Japan’s Benchmark 10-year government bond (JGB) The yield rose to a 17-year high, reflecting concerns that could emerge in bond markets in other developed economies and reduce demand for riskier assets such as cryptocurrencies and equities.

The yield rose above 1.61%, the highest since 2008. The step followed a 20-year-old JGB auction on Tuesday, indicating investor’s concern about increased government spending and tax deductions.

The yields in longer debt rose to highs seen last month, with a 20-year bond hit by 2.64% and a 30-year climb to 3.19%, according to Data Source TradingView.

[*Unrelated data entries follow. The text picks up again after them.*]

lemma lattice_dist_attained:
  fixes R :: "(real^'n) set"
  assumes R: "rational_polytope R" and fd: "aff_dim R = int CARD('n)"
  obtains a b where "facet_ineq R a b" "lattice_dist R x = a \<bullet> x - b"
proof -
  let ?S = "{a \<bullet> x - b | a b. facet_ineq R a b}"
  have "finite ?S" using finite_facet_slacks[OF fd rational_polytope_imp_polytope[OF R]] .
  moreover obtain a b where "facet_ineq R a b" using facet_ineq_exists_full_dim[OF R fd] .
  then have "?S \<noteq> {}" by blast
  ultimately have "Min ?S \<in> ?S" by (rule Min_in)
  then obtain a b where "facet_ineq R a b" "Min ?S = a \<bullet> x - b" by blast
  moreover have "lattice_dist R x = Min ?S" unfolding lattice_dist_def ..
  ultimately show ?thesis using that by simp
qed

lemma lattice_dist_nonneg:
  fixes R :: "(real^'n) set"
  assumes "rational_polytope R" "aff_dim R = int CARD('n)" and "x \<in> R"
  shows "lattice_dist R x \<ge> 0"
proof -
  obtain a b where "facet_ineq R a b" "lattice_dist R x = a \<bullet> x - b"
    using lattice_dist_attained[OF assms(1,2)] .
  then show ?thesis using \<open>x \<in> R\<close> unfolding facet_ineq_def by simp
qed

lemma sum_coeffs_mul_lattice_dist_le:
  fixes P :: "(real^'n) set"
  assumes "aff_dim P = int CARD('n)" "polytope P"
    and facets: "\<And>v. v \<in> V \<Longrightarrow> facet_ineq P v (v \<bullet> y0)"
    and c: "\<And>v. v \<in> V \<Longrightarrow> c v \<ge> 0" and u: "(\<Sum>v\<in>V. c v *\<^sub>R v) = u"
  shows "(\<Sum>v\<in>V. c v) * lattice_dist P x \<le> u \<bullet> x - u \<bullet> y0"
proof -
  have "(\<Sum>v\<in>V. c v) * lattice_dist P x = (\<Sum>v\<in>V. c v * lattice_dist P x)"
    by (rule sum_distrib_right)
  also have "\<dots> \<le> (\<Sum>v\<in>V. c v * (v \<bullet> x - v \<bullet> y0))"
    using lattice_dist_le[OF assms(1,2) facets] c by (intro sum_mono mult_left_mono) auto
  also have "\<dots> = u \<bullet> x - u \<bullet> y0"
    unfolding u[symmetric] inner_sum_left by (simp add: right_diff_distrib sum_subtractf)
  finally show ?thesis .
qed

lemma height_normal_cone_mul_lattice_dist_le:
  fixes P :: "(real^'n) set"
  assumes P: "rational_polytope P" and fd: "aff_dim P = int CARD('n)"
    and F: "F face_of P" "F \<noteq> {}" "y0 \<in> F" and u: "u \<in> normal_cone P F"
    and d: "lattice_dist P x > 0"
  shows "height (normal_cone P F) u * lattice_dist P x \<le> u \<bullet> x - u \<bullet> y0"
proof -
  define \<sigma> where "\<sigma> = normal_cone P F"
  have "polytope P" using P by (rule rational_polytope_imp_polytope)
  have RG: "ray_gens \<sigma> \<subseteq> tight_facet_normals P F"
    unfolding \<sigma>_def by (rule ray_gens_normal_cone_subset[OF P fd F(1,2)])
  then have "finite (ray_gens \<sigma>)"
    using finite_tight_facet_normals[OF fd \<open>polytope P\<close>] by (rule finite_subset)
  moreover have "u \<in> convex_cone hull ray_gens \<sigma>"
    using normal_cone_subset_hull_ray_gens[OF P fd F(1,2)] u unfolding \<sigma>_def by blast
  ultimately obtain c where "\<forall>v\<in>ray_gens \<sigma>. c v \<ge> 0" "(\<Sum>v\<in>ray_gens \<sigma>. c v *\<^sub>R v) = u"
    using convex_cone_hull_finite by blast
  then have reps: "{(\<Sum>v\<in>ray_gens \<sigma>. c v) | c. (\<forall>v\<in>ray_gens \<sigma>. c v \<ge> 0) \<and>
      (\<Sum>v\<in>ray_gens \<sigma>. c v *\<^sub>R v) = u} \<noteq> {}" by blast
  have facets: "facet_ineq P v (v \<bullet> y0)" if v: "v \<in> ray_gens \<sigma>" for v
  proof -
    obtain b where "facet_ineq P v b" "\<forall>y\<in>F. v \<bullet> y = b"
      using RG v unfolding tight_facet_normals_def by blast
    then show ?thesis using F(3) by simp
  qed
  have "h \<le> (u \<bullet> x - u \<bullet> y0) / lattice_dist P x"
    if h: "h \<in> {(\<Sum>v\<in>ray_gens \<sigma>. c v) | c. (\<forall>v\<in>ray_gens \<sigma>. c v \<ge> 0) \<and>
      (\<Sum>v\<in>ray_gens \<sigma>. c v *\<^sub>R v) = u}" for h
  proof -
    obtain c where h_eq: "h = (\<Sum>v\<in>ray_gens \<sigma>. c v)" and c: "\<forall>v\<in>ray_gens \<sigma>. c v \<ge> 0"
      and cu: "(\<Sum>v\<in>ray_gens \<sigma>. c v *\<^sub>R v) = u"
      using h by blast
    have "h * lattice_dist P x \<le> u \<bullet> x - u \<bullet> y0"
      unfolding h_eq using c by (intro sum_coeffs_mul_lattice_dist_le[OF fd \<open>polytope P\<close> facets _ cu]) auto
    then show ?thesis using d by (simp add: pos_le_divide_eq)
  qed
  then have "height \<sigma> u \<le> (u \<bullet> x - u \<bullet> y0) / lattice_dist P x"
    unfolding height_def by (rule cSup_least[OF reps])
  then show ?thesis using d unfolding \<sigma>_def by (simp add: pos_le_divide_eq)
qed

The increases are easy to rotate with the US treasury notes, which potentially cause tightening of financial conditions. For years, the produce has remained depressed due to the Ultra-Easy financial policy of the Bank of Japan. Capped yield worldwide, especially in advanced countries.

The veteran legislator calls for the BOJ rate increase

Veteran Taro Kono told Reuters on Tuesday that Japan should raise interest rates and address financial finances to strengthen the weak yen, which has been proven inflationary.

The central bank ended a massive, decade long stimulus program last year and raised short -term rates to 0.5% in January. Since then, it has been held rates that are stable.

Kono’s comment complies with a similar statement by US Treasury Secretary Scott Bescent, Who asked the BOJ to raise the rates and place a floor under the yen.